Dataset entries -
◆ ◆ ◆

text \<open>Right vertex a + j guesses d_j of the word on the left side. The left vertices guess a
  word agreeing somewhere with each left word for which all right guesses fail; there
  are at most a such words.\<close>
lemma q_solvable_complete_bipartite:
  assumes "onto_family a r N d" "0 < r"
  shows "q_solvable {0..<a + N} (complete_bipartite a (a + N)) r"
proof -
  define unguessed where
    "unguessed y = {x \<in> {0..<a} \<rightarrow>\<^sub>E {0..<r}. \<forall>j<N. d j x \<noteq> y (a + j)}" for y
  define c where
    "c y = (SOME c. (\<forall>i<a. c i \<in> {0..<r}) \<and> (\<forall>x\<in>unguessed y. \<exists>i<a. x i = c i))" for y
  have c: "(\<forall>i<a. c y i \<in> {0..<r}) \<and> (\<forall>x\<in>unguessed y. \<exists>i<a. x i = c y i)"
    if "y \<in> configs {0..<a + N} r" for y
  proof -
    have "card (unguessed y) \<le> a"
      unfolding unguessed_def
      by (rule card_unguessed_words_le[OF assms(1)]) (use that in \<open>auto simp: configs_def\<close>)
    then have "\<exists>c. (\<forall>i<a. c i \<in> {0..<r}) \<and> (\<forall>x\<in>unguessed y. \<exists>i<a. x i = c i)"
      using assms(2) by (intro diagonal_word_exists) (auto simp: unguessed_def finite_PiE)
    then show ?thesis
      unfolding c_def by (rule someI_ex)
  qed
  define left where "left y = restrict y {0..<a}" for y :: "nat \<Rightarrow> nat"
  have left: "left y \<in> {0..<a} \<rightarrow>\<^sub>E {0..<r}" if "y \<in> configs {0..<a + N} r" for y
    unfolding left_def restrict_PiE_iff
    using PiE_mem[OF that[unfolded configs_def]] by simp
  show ?thesis
  proof (rule q_solvableI[where f = "\<lambda>y u. if u < a then c y u else d (u - a) (left y)"])
    fix y u assume y: "y \<in> configs {0..<a + N} r" and u: "u \<in> {0..<a + N}"
    show "(if u < a then c y u else d (u - a) (left y)) < r"
    proof (cases "u < a")
      case True
      then show ?thesis
        using c[OF y] by simp
    next
      case False
      then have "d (u - a) \<in> ({0..<a} \<rightarrow>\<^sub>E {0..<r}) \<rightarrow> {0..<r}"
        using u assms(1) unfolding onto_family_def by simp
      then show ?thesis
        using False left[OF y] by auto
    qed
  next
    fix x y :: "nat \<Rightarrow> nat" and u assume u: "u \<in> {0..<a + N}"
      and agree: "\<And>w. w \<in> in_nbhd {0..<a + N} (complete_bipartite a (a + N)) u \<Longrightarrow> x w = y w"
    have "x w = y w" if "w < a + N" "(w < a) \<noteq> (u < a)" for w
      using agree u that unfolding in_nbhd_def complete_bipartite_def by simp
    then have "u < a \<Longrightarrow> unguessed x = unguessed y" "\<not> u < a \<Longrightarrow> left x = left y"
      unfolding unguessed_def left_def by (auto intro: restrict_ext)
    then show "(if u < a then c x u else d (u - a) (left x)) =
               (if u < a then c y u else d (u - a) (left y))"
      unfolding c_def by simp
  next
    fix y assume y: "y \<in> configs {0..<a + N} r"
    show "\<exists>u\<in>{0..<a + N}. (if u < a then c y u else d (u - a) (left y)) = y u"
    proof (cases "left y \<in> unguessed y")
      case True
      then obtain i where "i < a" "left y i = c y i"
        using c[OF y] by blast
      then show ?thesis
        unfolding left_def by (intro bexI[of _ i]) auto
    next
      case False
      then obtain j where "j < N" "d j (left y) = y (a + j)"
        using left[OF y] unfolding unguessed_def by auto
      then show ?thesis
        by (intro bexI[of _ "a + j"]) auto
    qed
  qed
qed

lemma card_PiE_not_onto_le:
  assumes "finite X" "S \<subseteq> X" "finite C"
  shows "card {f \<in> X \<rightarrow>\<^sub>E C. f ` S \<noteq> C} \<le> card C * ((card C - 1) ^ card S * card C ^ (card X - card S))"
proof -
  define P where "P c = (\<Pi>\<^sub>E x\<in>X. if x \<in> S then C - {c} else C)" for c
  have "{f \<in> X \<rightarrow>\<^sub>E C. f ` S \<noteq> C} \<subseteq> (\<Union>c\<in>C. P c)"
  proof
    fix f assume f: "f \<in> {f \<in> X \<rightarrow>\<^sub>E C. f ` S \<noteq> C}"
    then have "f ` S \<subset> C"
      using assms(2) by auto
    then obtain c where c: "c \<in> C" "c \<notin> f ` S"
      by blast
    have "f \<in> X \<rightarrow>\<^sub>E C"
      using f by simp
    then have "f \<in> P c"
      using c unfolding P_def by (auto simp: PiE_iff)
    then show "f \<in> (\<Union>c\<in>C. P c)"
      using c(1) by blast
  qed
  then have "card {f \<in> X \<rightarrow>\<^sub>E C. f ` S \<noteq> C} \<le> card (\<Union>c\<in>C. P c)"
    using assms by (intro card_mono) (auto simp: P_def finite_PiE)
  also have "\<dots> \<le> (\<Sum>c\<in>C. card (P c))"
    using assms(3) by (rule card_UN_le)
  also have "\<dots> = (\<Sum>c\<in>C. (card C - 1) ^ card S * card C ^ (card X - card S))"
  proof (rule sum.cong[OF refl])
    fix c assume "c \<in> C"
    then have card_remove: "card (C - {c}) = card C - 1"
      by simp
    have "card (P c) = (\<Prod>x\<in>X. card (if x \<in> S then C - {c} else C))"
      unfolding P_def using assms(1) by (rule card_PiE)
    also have "\<dots> = (\<Prod>x\<in>X. if x \<in> S then card C - 1 else card C)"
      using card_remove by (intro prod.cong) auto
    also have "\<dots> = (card C - 1) ^ card (X \<inter> S) * card C ^ card (X - S)"
      using assms(1) by (simp add: prod.If_cases Diff_eq)
    finally show "card (P c) = (card C - 1) ^ card S * card C ^ (card X - card S)"
      using assms(1,2) by (simp add: card_Diff_subset finite_subset Int_absorb1)
  qed
  also have "\<dots> = card C * ((card C - 1) ^ card S * card C ^ (card X - card S))"
    by simp
  finally show ?thesis .
qed

lemma exists_PiE_avoiding:
  assumes "finite I" "finite F" "finite \<S>"
    and "\<And>S. S \<in> \<S> \<Longrightarrow> B S \<subseteq> F" "\<And>S. S \<in> \<S> \<Longrightarrow> card (B S) \<le> b"
    and "card \<S> * b ^ card I < card F ^ card I"
  shows "\<exists>d \<in> I \<rightarrow>\<^sub>E F. \<forall>S\<in>\<S>. \<exists>i\<in>I. d i \<notin> B S"
proof (rule ccontr)
  assume no_avoiding: "\<not> ?thesis"
  have "finite (B S)" if "S \<in> \<S>" for S
    using assms(2,4) that finite_subset by blast
  then have "I \<rightarrow>\<^sub>E F \<subseteq> (\<Union>S\<in>\<S>. I \<rightarrow>\<^sub>E B S)"
    using no_avoiding by (auto simp: PiE_iff)
  then have "card F ^ card I \<le> card (\<Union>S\<in>\<S>. I \<rightarrow>\<^sub>E B S)"
    using assms(1,3) \<open>\<And>S. S \<in> \<S> \<Longrightarrow> finite (B S)\<close> unfolding card_funcsetE[OF assms(1), symmetric]
    by (intro card_mono) (auto intro!: finite_PiE)
  also have "\<dots> \<le> (\<Sum>S\<in>\<S>. card (I \<rightarrow>\<^sub>E B S))"
    using assms(3) by (rule card_UN_le)
  also have "\<dots> \<le> (\<Sum>S\<in>\<S>. b ^ card I)"
    using assms(1,5) by (intro sum_mono) (simp add: card_funcsetE power_mono)
  also have "\<dots> = card \<S> * b ^ card I"
    by simp
  finally show False
    using assms(6) by linarith
qed

lemma power_Suc_ge_binomial_two_terms: "x ^ (n + 1) + (n + 1) * x ^ n \<le> (x + 1 :: nat) ^ (n + 1)"
proof (induction n)
  case 0
  then show ?case by simp
next
  case (Suc n)
  have "x ^ (Suc n + 1) + (Suc n + 1) * x ^ Suc n \<le> (x + 1) * (x ^ (n + 1) + (n + 1) * x ^ n)"
    by (simp add: algebra_simps)
  also have "\<dots> \<le> (x + 1) * (x + 1) ^ (n + 1)"
    using Suc.IH by (rule mult_le_mono2)
  finally show ?case
    by simp
qed

lemma two_mult_pred_power_le:
  assumes "1 \<le> r"
  shows "2 * (r - 1) ^ r \<le> (r :: nat) ^ r"
proof -
  obtain n where r: "r = n + 1"
    using assms by (metis add.commute le_Suc_ex)
  have "n ^ (n + 1) \<le> (n + 1) * n ^ n"
    by simp
  then show ?thesis
    using power_Suc_ge_binomial_two_terms[of n n] r by simp
qed

text \<open>With a + 1 = 2r^2 words per set, the factor (1 - 1/r)^(a+1) \<le> 4^-r outweighs the
  r^(a(a+1)) choices of the set and the factor r from the choice of the missing value.\<close>
lemma onto_family_count_less:
  fixes r a N :: nat
  assumes r: "2 \<le> r" and a: "a + 1 = 2 * r ^ 2" and N: "N = a * (a + 1) + 1"
  shows "r ^ (a * (a + 1)) * (r * (r - 1) ^ (a + 1)) ^ N < (r ^ (a + 1)) ^ N"
proof -
  have a_r: "a + 1 = r * (2 * r)"
    using a by (simp add: power2_eq_square)
  have "4 ^ r * (r - 1) ^ (a + 1) = (2 * (r - 1) ^ r) ^ (2 * r)"
    unfolding a_r power_mult power_mult_distrib by (simp add: power_mult[symmetric] mult.commute)
  also have "\<dots> \<le> (r ^ r) ^ (2 * r)"
    using r two_mult_pred_power_le by (intro power_mono) auto
  also have "\<dots> = r ^ (a + 1)"
    unfolding a_r power_mult ..
  finally have decay: "4 ^ r * (r - 1) ^ (a + 1) \<le> r ^ (a + 1)" .
  have "r ^ (a * (a + 1) + N) < (2 ^ r) ^ (a * (a + 1) + N)"
    using r N by (intro power_strict_mono) (auto simp: less_exp)
  also have "\<dots> \<le> (2 ^ r) ^ (2 * N)"
    using N by (intro power_increasing) auto
  also have "\<dots> = (2 ^ 2) ^ (r * N)"
    by (simp only: power_mult[symmetric] ac_simps)
  also have "\<dots> = 4 ^ (r * N)"
    by simp
  finally have few_choices: "r ^ (a * (a + 1) + N) < 4 ^ (r * N)" .
  have "(r * (r - 1) ^ (a + 1)) ^ N * 4 ^ (r * N) = r ^ N * (4 ^ r * (r - 1) ^ (a + 1)) ^ N"
    by (simp add: power_mult power_mult_distrib)
  then have "r ^ (a * (a + 1)) * (r * (r - 1) ^ (a + 1)) ^ N * 4 ^ (r * N)
        = r ^ (a * (a + 1) + N) * (4 ^ r * (r - 1) ^ (a + 1)) ^ N"
    by (simp only: power_add mult.assoc)
  also have "\<dots> \<le> r ^ (a * (a + 1) + N) * (r ^ (a + 1)) ^ N"
    using decay by (intro mult_le_mono2 power_mono) auto
  also have "\<dots> < 4 ^ (r * N) * (r ^ (a + 1)) ^ N"
    using few_choices r by (intro mult_strict_right_mono) auto
  finally show ?thesis
    by simp
qed

lemma card_subsets_le_power:
  assumes "finite W"
  shows "card {S. S \<subseteq> W \<and> card S = n} \<le> card W ^ n"
proof (cases "n \<le> card W")
  case True
  then show ?thesis
    using n_subsets[OF assms] binomial_le_pow by simp
next
  case False
  then show ?thesis
    using n_subsets[OF assms] by (simp add: binomial_eq_0)
qed

lemma onto_family_exists:
  assumes r: "2 \<le> r" and a: "a + 1 = 2 * r ^ 2" and N: "N = a * (a + 1) + 1"
  shows "\<exists>d. onto_family a r N d"
proof -
  define W where "W = {0..<a} \<rightarrow>\<^sub>E {0..<r}"
  define M where "M = card W"
  define F where "F = W \<rightarrow>\<^sub>E {0..<r}"
  define \<S> where "\<S> = {S. S \<subseteq> W \<and> card S = a + 1}"
  define B where "B S = {f \<in> F. f ` S \<noteq> {0..<r}}" for S
  define b where "b = r * ((r - 1) ^ (a + 1) * r ^ (M - (a + 1)))"
  have W: "finite W" "M = r ^ a"
    unfolding W_def M_def by (simp_all add: finite_PiE card_PiE)
  have F: "finite F" "card F = r ^ M"
    unfolding F_def M_def using W(1) by (simp_all add: finite_PiE card_funcsetE)
  have "a < 2 ^ a"
    by (rule less_exp)
  also have "(2 :: nat) ^ a \<le> r ^ a"
    using r by (intro power_mono) auto
  finally have a_M: "a + 1 \<le> M"
    using W(2) by simp
  have card_\<S>: "card \<S> \<le> r ^ (a * (a + 1))"
    using card_subsets_le_power[OF W(1), of "a + 1"]
    unfolding \<S>_def M_def[symmetric] W(2) power_mult .
  have "card \<S> * b ^ N \<le> r ^ (a * (a + 1)) * (r * (r - 1) ^ (a + 1)) ^ N * (r ^ (M - (a + 1))) ^ N"
    using card_\<S> unfolding b_def by (simp add: power_mult_distrib mult_ac)
  also have "\<dots> < (r ^ (a + 1)) ^ N * (r ^ (M - (a + 1))) ^ N"
    using onto_family_count_less[OF r a N] r by (intro mult_strict_right_mono) auto
  also have "\<dots> = card F ^ N"
    using a_M by (simp only: F(2) power_mult_distrib[symmetric] power_add[symmetric]
        le_add_diff_inverse)
  finally have "card \<S> * b ^ card {0..<N} < card F ^ card {0..<N}"
    by simp
  moreover have "card (B S) \<le> b" if "S \<in> \<S>" for S
    using that card_PiE_not_onto_le[OF W(1), of S "{0..<r}"]
    unfolding \<S>_def B_def F_def b_def M_def by simp
  ultimately obtain d where d: "d \<in> {0..<N} \<rightarrow>\<^sub>E F" "\<forall>S\<in>\<S>. \<exists>j\<in>{0..<N}. d j \<notin> B S"
    using exists_PiE_avoiding[of "{0..<N}" F \<S> B b] F(1) W(1)
    unfolding \<S>_def B_def by auto
  have "onto_family a r N d"
    unfolding onto_family_def W_def[symmetric]
  proof (intro conjI allI impI)
    fix j assume "j < N"
    then show "d j \<in> W \<rightarrow> {0..<r}"
      using d(1) unfolding F_def by (auto simp: PiE_iff)
  next
    fix S assume "S \<subseteq> W" "card S = a + 1"
    then obtain j where "j < N" "d j \<notin> B S"
      using d(2) unfolding \<S>_def by auto
    moreover have "d j \<in> F"
      using d(1) \<open>j < N\<close> by auto
    ultimately show "\<exists>j<N. d j ` S = {0..<r}"
      unfolding B_def by auto
  qed
  then show ?thesis
    by blast
qed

◆ ◆ ◆

Task statement - Please show the lines in the entries above that hold the string "rule".

Answer for this exercise -
      by (rule card_unguessed_words_le[OF assms(1)]) (use that in \<open>auto simp: configs_def\<close>)
      unfolding c_def by (rule someI_ex)
  proof (rule q_solvableI[where f = "\<lambda>y u. if u < a then c y u else d (u - a) (left y)"])
    using assms(3) by (rule card_UN_le)
  proof (rule sum.cong[OF refl])
      unfolding P_def using assms(1) by (rule card_PiE)
proof (rule ccontr)
    using assms(3) by (rule card_UN_le)
    using Suc.IH by (rule mult_le_mono2)
    by (rule less_exp)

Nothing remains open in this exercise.